Jewel Love, a marriage and family therapy intern at La Cheim, said he builds himself up by focusing on the basics — his relationships, eating habits, sleep patterns, extracurricular activities. “I’m just making sure that I’m balancing those areas of my life, making sure that I’m ready and up to par to come here and handle what’s thrown my way.”

“Practice wisdom” is how Merrill describes the personalized tricks and rituals he has heard in his years as a trainer. He told the story of a social worker at an Oakland hospital who, at the end of each day, would unlock her glove compartment, turn off her pager, hold it for a minute while closing her eyes, and wish her clients inside the hospital well. Then she’d lock the pager in the glove compartment. The next morning, she’d repeat the ritual in reverse. “She felt like she was able to psychologically wall it off better,” explained Merrill.

“[Pacing] the energy you give out over a thirty-year career is really hard to do,” he added. Ultimately, it comes down to choosing to take care of yourself while caring for others, and finding light in the darkness, he said.

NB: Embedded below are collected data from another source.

(* Assume Condition (C) and $\lambda/2<h<\lambda$. If $\eta\in\mathcal X$ contains a pair of nearest-neighbour sites $i,j\in\Lambda$ with $\eta(i)=+1$, $\eta(j)=-1$, then there is a downhill path (one along which $H$ is non-increasing) from $\eta$ to a configuration $\eta'$ with $H(\eta')<H(\eta)$; in particular $V_\eta=0$.
   Context: Let $\Lambda=\{1,\dots,L\}^2$, $\mathcal X=\{-1,0,+1\}^\Lambda$, $\partial^-\Lambda$ the sites of $\Lambda$ with a nearest neighbour outside $\Lambda$. Hamiltonian: $H(\eta)=\frac J2\sum_{i,j\in\Lambda,|i-j|=1}[\eta(i)-\eta(j)]^2+J\sum_{i\in\partial^-\Lambda}\sum_{j\notin\Lambda,|i-j|=1}\eta(i)^2-\lambda\sum_{i}\eta(i)^2-h\sum_i\eta(i)$. Condition (C): $J$ sufficiently large compared to $\lambda,h>0$; $L>(2J/(\lambda-h))^3$; none of $\tfrac{2J}{\lambda+h},\tfrac{2J}{\lambda-h},\tfrac{2J+\lambda-h}{\lambda+h},\tfrac{J+\lambda+h}{h}$ is an integer. A path is a sequence of configurations with consecutive ones differing at exactly one site. $V_\eta=\Phi(\eta,\{\zeta:H(\zeta)<H(\eta)\})-H(\eta)$ where $\Phi(\eta,A)$ is the minimal over paths from $\eta$ to $A$ of the maximum of $H$ along the path. *)

theory Defs
  imports Complex_Main
begin

type_synonym site = "int \<times> int"
type_synonym config = "site \<Rightarrow> int"

definition box :: "nat \<Rightarrow> site set" where
  "box L = {1..int L} \<times> {1..int L}"

definition nn :: "site \<Rightarrow> site \<Rightarrow> bool" where
  "nn i j \<longleftrightarrow> \<bar>fst i - fst j\<bar> + \<bar>snd i - snd j\<bar> = 1"

definition nbrs :: "site \<Rightarrow> site set" where
  "nbrs i = {j. nn i j}"

definition inner_boundary :: "nat \<Rightarrow> site set" where
  "inner_boundary L = {i \<in> box L. \<exists>j. nn i j \<and> j \<notin> box L}"

definition configs :: "nat \<Rightarrow> config set" where
  "configs L = {\<eta>. (\<forall>i \<in> box L. \<eta> i \<in> {-1,0,1}) \<and> (\<forall>i. i \<notin> box L \<longrightarrow> \<eta> i = 0)}"

definition Ham :: "nat \<Rightarrow> real \<Rightarrow> real \<Rightarrow> real \<Rightarrow> config \<Rightarrow> real" where
  "Ham L J lam h \<eta> =
     J / 2 * (\<Sum>i\<in>box L. \<Sum>j\<in>box L \<inter> nbrs i. (real_of_int (\<eta> i - \<eta> j))^2)
   + J * (\<Sum>i\<in>inner_boundary L. \<Sum>j\<in>nbrs i - box L. (real_of_int (\<eta> i))^2)
   - lam * (\<Sum>i\<in>box L. (real_of_int (\<eta> i))^2)
   - h * (\<Sum>i\<in>box L. real_of_int (\<eta> i))"

definition is_path :: "nat \<Rightarrow> config list \<Rightarrow> bool" where
  "is_path L p \<longleftrightarrow> p \<noteq> [] \<and> set p \<subseteq> configs L \<and>
     (\<forall>k. Suc k < length p \<longrightarrow> (\<exists>!i. (p ! k) i \<noteq> (p ! Suc k) i))"

definition downhill :: "nat \<Rightarrow> real \<Rightarrow> real \<Rightarrow> real \<Rightarrow> config list \<Rightarrow> bool" where
  "downhill L J lam h p \<longleftrightarrow>
     (\<forall>k. Suc k < length p \<longrightarrow> Ham L J lam h (p ! Suc k) \<le> Ham L J lam h (p ! k))"

definition Phi :: "nat \<Rightarrow> real \<Rightarrow> real \<Rightarrow> real \<Rightarrow> config \<Rightarrow> config set \<Rightarrow> real" where
  "Phi L J lam h \<eta> A = Inf {Max (Ham L J lam h ` set p) | p.
       is_path L p \<and> hd p = \<eta> \<and> last p \<in> A}"

definition stab :: "nat \<Rightarrow> real \<Rightarrow> real \<Rightarrow> real \<Rightarrow> config \<Rightarrow> real" where
  "stab L J lam h \<eta> =
     Phi L J lam h \<eta> {\<zeta> \<in> configs L. Ham L J lam h \<zeta> < Ham L J lam h \<eta>} - Ham L J lam h \<eta>"

end

theory Submission
  imports Defs
begin

text \<open>Take a nearest-neighbour pair \<open>i, j\<close> with \<open>\<eta> i = 1\<close>, \<open>\<eta> j = -1\<close> that is extremal in the
  direction perpendicular to the bond, and translate the bond one step in that direction to
  \<open>i', j'\<close>. By extremality, \<open>\<eta> i' \<noteq> 1\<close> or \<open>\<eta> j' \<noteq> -1\<close>. Setting the spin \<open>s = \<eta> k\<close> at
  \<open>k = i\<close> (resp. \<open>k = j\<close>) to 0 changes \<open>H\<close> by
  \<open>J \<Sum>\<^sub>m (2 s \<eta> m - 1) + \<lambda> + s h\<close>; the opposite spin contributes \<open>-3\<close>, the neighbour
  \<open>i'\<close> (resp. \<open>j'\<close>) at most \<open>-1\<close> and the other two at most \<open>1\<close>, so the change is at most
  \<open>-2J + \<lambda> + h \<le> -J < 0\<close> for \<open>J \<ge> \<lambda> + h\<close>. This single flip is a downhill path to a
  lower energy, hence \<open>V\<^sub>\<eta> = 0\<close>.\<close>

lemma sum_fun_upd_diff:
  assumes "finite A" and "k \<in> A"
  shows "(\<Sum>i\<in>A. F i ((g(k:=c)) i)) - (\<Sum>i\<in>A. F i (g i)) = F k c - (F k (g k) :: real)"
proof -
  have "(\<Sum>i\<in>A. F i ((g(k:=c)) i)) = F k c + (\<Sum>i\<in>A - {k}. F i (g i))"
    using assms by (simp add: sum.remove)
  moreover have "(\<Sum>i\<in>A. F i (g i)) = F k (g k) + (\<Sum>i\<in>A - {k}. F i (g i))"
    using assms by (simp add: sum.remove)
  ultimately show ?thesis by simp
qed

lemma sum_sum_sq_diff_fun_upd:
  fixes g :: "'a \<Rightarrow> real"
  assumes fin: "finite A" and kA: "k \<in> A"
    and sym: "\<And>i j. j \<in> N i \<longleftrightarrow> i \<in> N j" and irrefl: "\<And>i. i \<notin> N i"
  shows "(\<Sum>i\<in>A. \<Sum>j\<in>A \<inter> N i. ((g(k:=c)) i - (g(k:=c)) j)^2)
       - (\<Sum>i\<in>A. \<Sum>j\<in>A \<inter> N i. (g i - g j)^2)
       = 2 * (\<Sum>j\<in>A \<inter> N k. (c - g j)^2 - (g k - g j)^2)"
proof -
  define d where "d i j = ((g(k:=c)) i - (g(k:=c)) j)^2 - (g i - g j)^2" for i j
  have d_sym: "d i j = d j i" for i j by (simp add: d_def power2_commute)
  have d_row: "d k j = (c - g j)^2 - (g k - g j)^2" if "j \<in> N k" for j
    using that irrefl by (auto simp: d_def)
  \<comment> \<open>only bonds touching \<open>k\<close> change, and each of them is counted once from either end\<close>
  have split: "d i j = (if i = k then d k j else 0) + (if j = k then d i k else 0)"
    if "j \<in> N i" for i j
    using that irrefl by (auto simp: d_def)
  have rows: "(\<Sum>i\<in>A. \<Sum>j\<in>A \<inter> N i. if i = k then d k j else 0) = (\<Sum>j\<in>A \<inter> N k. d k j)"
  proof -
    have "(\<Sum>i\<in>A. \<Sum>j\<in>A \<inter> N i. if i = k then d k j else 0)
        = (\<Sum>i\<in>A. if i = k then (\<Sum>j\<in>A \<inter> N k. d k j) else 0)"
      by (intro sum.cong refl) auto
    then show ?thesis using fin kA by simp
  qed
  have cols: "(\<Sum>i\<in>A. \<Sum>j\<in>A \<inter> N i. if j = k then d i k else 0) = (\<Sum>j\<in>A \<inter> N k. d k j)"
  proof -
    have "(\<Sum>i\<in>A. \<Sum>j\<in>A \<inter> N i. if j = k then d i k else 0) = (\<Sum>i\<in>A. if k \<in> N i then d i k else 0)"
      using fin kA by (intro sum.cong refl) (simp add: sum.delta)
    also have "\<dots> = (\<Sum>i\<in>A \<inter> N k. d k i)"
      using fin sym by (simp add: sum.inter_filter[symmetric] d_sym Int_def)
    finally show ?thesis .
  qed
  have "(\<Sum>i\<in>A. \<Sum>j\<in>A \<inter> N i. ((g(k:=c)) i - (g(k:=c)) j)^2)
       - (\<Sum>i\<in>A. \<Sum>j\<in>A \<inter> N i. (g i - g j)^2) = (\<Sum>i\<in>A. \<Sum>j\<in>A \<inter> N i. d i j)"
    by (simp add: d_def sum_subtractf)
  also have "\<dots> = (\<Sum>i\<in>A. \<Sum>j\<in>A \<inter> N i. (if i = k then d k j else 0) + (if j = k then d i k else 0))"
    using split by (intro sum.cong refl) auto
  also have "\<dots> = 2 * (\<Sum>j\<in>A \<inter> N k. d k j)"
    by (simp only: sum.distrib rows cols mult_2)
  also have "\<dots> = 2 * (\<Sum>j\<in>A \<inter> N k. (c - g j)^2 - (g k - g j)^2)"
    using d_row by simp
  finally show ?thesis .
qed

lemma finite_box: "finite (box L)"
  unfolding box_def by simp

lemma nn_sym: "nn i j \<longleftrightarrow> nn j i"
  unfolding nn_def by arith

lemma nn_irrefl: "\<not> nn i i"
  unfolding nn_def by simp

lemma nbrs_eq: "nbrs (a, b) = {(a + 1, b), (a - 1, b), (a, b + 1), (a, b - 1)}"
  by (auto simp: nbrs_def nn_def abs_if split: if_splits)

lemma finite_nbrs: "finite (nbrs i)"
  by (cases i) (simp add: nbrs_eq)

lemma card_nbrs: "card (nbrs i) = 4"
  by (cases i) (simp add: nbrs_eq)

lemma configs_outside: "\<eta> \<in> configs L \<Longrightarrow> i \<notin> box L \<Longrightarrow> \<eta> i = 0"
  unfolding configs_def by (cases i) auto

lemma configs_range: "\<eta> \<in> configs L \<Longrightarrow> \<eta> i \<in> {-1, 0, 1}"
  unfolding configs_def by (cases "i \<in> box L"; cases i) auto

lemma configs_fun_upd: "\<eta> \<in> configs L \<Longrightarrow> k \<in> box L \<Longrightarrow> b \<in> {-1, 0, 1} \<Longrightarrow> \<eta>(k := b) \<in> configs L"
  unfolding configs_def by auto

lemma sum_inner_boundary_fun_upd:
  assumes "k \<in> box L"
  shows "(\<Sum>i\<in>inner_boundary L. \<Sum>j\<in>nbrs i - box L. F ((g(k:=c)) i))
       - (\<Sum>i\<in>inner_boundary L. \<Sum>j\<in>nbrs i - box L. F (g i))
       = (\<Sum>j\<in>nbrs k - box L. F c - (F (g k) :: real))"
proof (cases "k \<in> inner_boundary L")
  case True
  have "finite (inner_boundary L)"
    using finite_box by (rule finite_subset[rotated]) (auto simp: inner_boundary_def)
  with True show ?thesis
    using sum_fun_upd_diff[where F = "\<lambda>i x. \<Sum>j\<in>nbrs i - box L. F x"]
    by (simp add: sum_subtractf right_diff_distrib)
next
  case False
  then have no_outer: "nbrs k - box L = {}"
    using assms by (auto simp: inner_boundary_def nbrs_def)
  have "(\<Sum>i\<in>inner_boundary L. \<Sum>j\<in>nbrs i - box L. F ((g(k:=c)) i))
       = (\<Sum>i\<in>inner_boundary L. \<Sum>j\<in>nbrs i - box L. F (g i))"
    using False by (intro sum.cong refl) auto
  then show ?thesis unfolding no_outer by simp
qed

lemma sum_nbrs_split_box:
  assumes "\<eta> \<in> configs L"
  shows "(\<Sum>m\<in>nbrs k. F (real_of_int (\<eta> m)))
       = (\<Sum>m\<in>box L \<inter> nbrs k. F (real_of_int (\<eta> m))) + (\<Sum>m\<in>nbrs k - box L. F 0 :: real)"
proof -
  have "(\<Sum>m\<in>nbrs k - box L. F (real_of_int (\<eta> m))) = (\<Sum>m\<in>nbrs k - box L. F 0)"
    using assms by (intro sum.cong refl) (auto simp: configs_outside)
  moreover have "(\<Sum>m\<in>nbrs k. F (real_of_int (\<eta> m)))
      = (\<Sum>m\<in>nbrs k \<inter> box L. F (real_of_int (\<eta> m))) + (\<Sum>m\<in>nbrs k - box L. F (real_of_int (\<eta> m)))"
    by (rule sum.Int_Diff[OF finite_nbrs])
  ultimately show ?thesis by (simp only: Int_commute)
qed

text \<open>The boundary term of \<open>H\<close> is exactly the bond energy with the zero spins outside the box,
  so the energy change of a single spin update only involves its four neighbours.\<close>
lemma Ham_fun_upd:
  assumes cf: "\<eta> \<in> configs L" and kb: "k \<in> box L"
  shows "Ham L J lam h (\<eta>(k:=b)) - Ham L J lam h \<eta> =
     J * (\<Sum>m\<in>nbrs k. (real_of_int b - real_of_int (\<eta> m))^2 - (real_of_int (\<eta> k) - real_of_int (\<eta> m))^2)
     - lam * ((real_of_int b)^2 - (real_of_int (\<eta> k))^2) - h * (real_of_int b - real_of_int (\<eta> k))"
proof -
  define g where "g i = real_of_int (\<eta> i)" for i
  define c where "c = real_of_int b"
  have upd: "(\<lambda>i. real_of_int ((\<eta>(k:=b)) i)) = g(k:=c)"
    by (auto simp: g_def c_def)
  have Ham_eq: "Ham L J lam h \<zeta> =
       J / 2 * (\<Sum>i\<in>box L. \<Sum>j\<in>box L \<inter> nbrs i. (f i - f j)^2)
     + J * (\<Sum>i\<in>inner_boundary L. \<Sum>j\<in>nbrs i - box L. (f i)^2)
     - lam * (\<Sum>i\<in>box L. (f i)^2) - h * (\<Sum>i\<in>box L. f i)"
    if "(\<lambda>i. real_of_int (\<zeta> i)) = f" for \<zeta> f
    using that by (auto simp: Ham_def)
  have bonds: "(\<Sum>i\<in>box L. \<Sum>j\<in>box L \<inter> nbrs i. ((g(k:=c)) i - (g(k:=c)) j)^2)
       - (\<Sum>i\<in>box L. \<Sum>j\<in>box L \<inter> nbrs i. (g i - g j)^2)
       = 2 * (\<Sum>m\<in>box L \<inter> nbrs k. (c - g m)^2 - (g k - g m)^2)"
    by (rule sum_sum_sq_diff_fun_upd[OF finite_box kb]) (auto simp: nbrs_def nn_sym nn_irrefl)
  have outside: "(\<Sum>m\<in>nbrs k. (c - g m)^2 - (g k - g m)^2)
      = (\<Sum>m\<in>box L \<inter> nbrs k. (c - g m)^2 - (g k - g m)^2) + (\<Sum>m\<in>nbrs k - box L. c^2 - (g k)^2)"
    using sum_nbrs_split_box[OF cf, of "\<lambda>x. (c - x)^2 - (g k - x)^2" k] by (simp add: g_def)
  have g_eq: "(\<lambda>i. real_of_int (\<eta> i)) = g"
    by (simp add: g_def fun_eq_iff)
  have "Ham L J lam h (\<eta>(k:=b)) - Ham L J lam h \<eta>
     = J / 2 * ((\<Sum>i\<in>box L. \<Sum>j\<in>box L \<inter> nbrs i. ((g(k:=c)) i - (g(k:=c)) j)^2)
              - (\<Sum>i\<in>box L. \<Sum>j\<in>box L \<inter> nbrs i. (g i - g j)^2))
     + J * ((\<Sum>i\<in>inner_boundary L. \<Sum>j\<in>nbrs i - box L. ((g(k:=c)) i)^2)
          - (\<Sum>i\<in>inner_boundary L. \<Sum>j\<in>nbrs i - box L. (g i)^2))
     - lam * ((\<Sum>i\<in>box L. ((g(k:=c)) i)^2) - (\<Sum>i\<in>box L. (g i)^2))
     - h * ((\<Sum>i\<in>box L. (g(k:=c)) i) - (\<Sum>i\<in>box L. g i))"
    unfolding Ham_eq[OF upd] Ham_eq[OF g_eq] by (simp add: algebra_simps)
  also have "\<dots> = J * (\<Sum>m\<in>box L \<inter> nbrs k. (c - g m)^2 - (g k - g m)^2)
     + J * (\<Sum>m\<in>nbrs k - box L. c^2 - (g k)^2) - lam * (c^2 - (g k)^2) - h * (c - g k)"
    unfolding bonds sum_inner_boundary_fun_upd[OF kb, of "\<lambda>x. x^2" g c]
      sum_fun_upd_diff[OF finite_box kb, of "\<lambda>_ x. x^2" g c]
      sum_fun_upd_diff[OF finite_box kb, of "\<lambda>_ x. x" g c]
    by simp
  also have "\<dots> = J * (\<Sum>m\<in>nbrs k. (c - g m)^2 - (g k - g m)^2) - lam * (c^2 - (g k)^2) - h * (c - g k)"
    unfolding outside by (simp add: algebra_simps)
  finally show ?thesis by (simp add: g_def c_def)
qed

“I feel very grateful for my life because I saw peoples’ lives taken away from them, like that,” he said, snapping his fingers. “It’s kind of incredible what people can survive, and that they can find meaning in it. Not [just] devastation, but some kind of positive meaning. If you’re aware of the impact it has on you, then you can shape how your beliefs change or what you need to do, and I believe it can actually make you greater.”

After work each day, McDonald picks up her young son from school. She said that as she drives, she focuses on what residual stress is left over from the day. “And every tick on the speedometer, every mile, I let it go,” she said. “And I tell myself, if there’s anything residual, when I see his smile, it will melt.”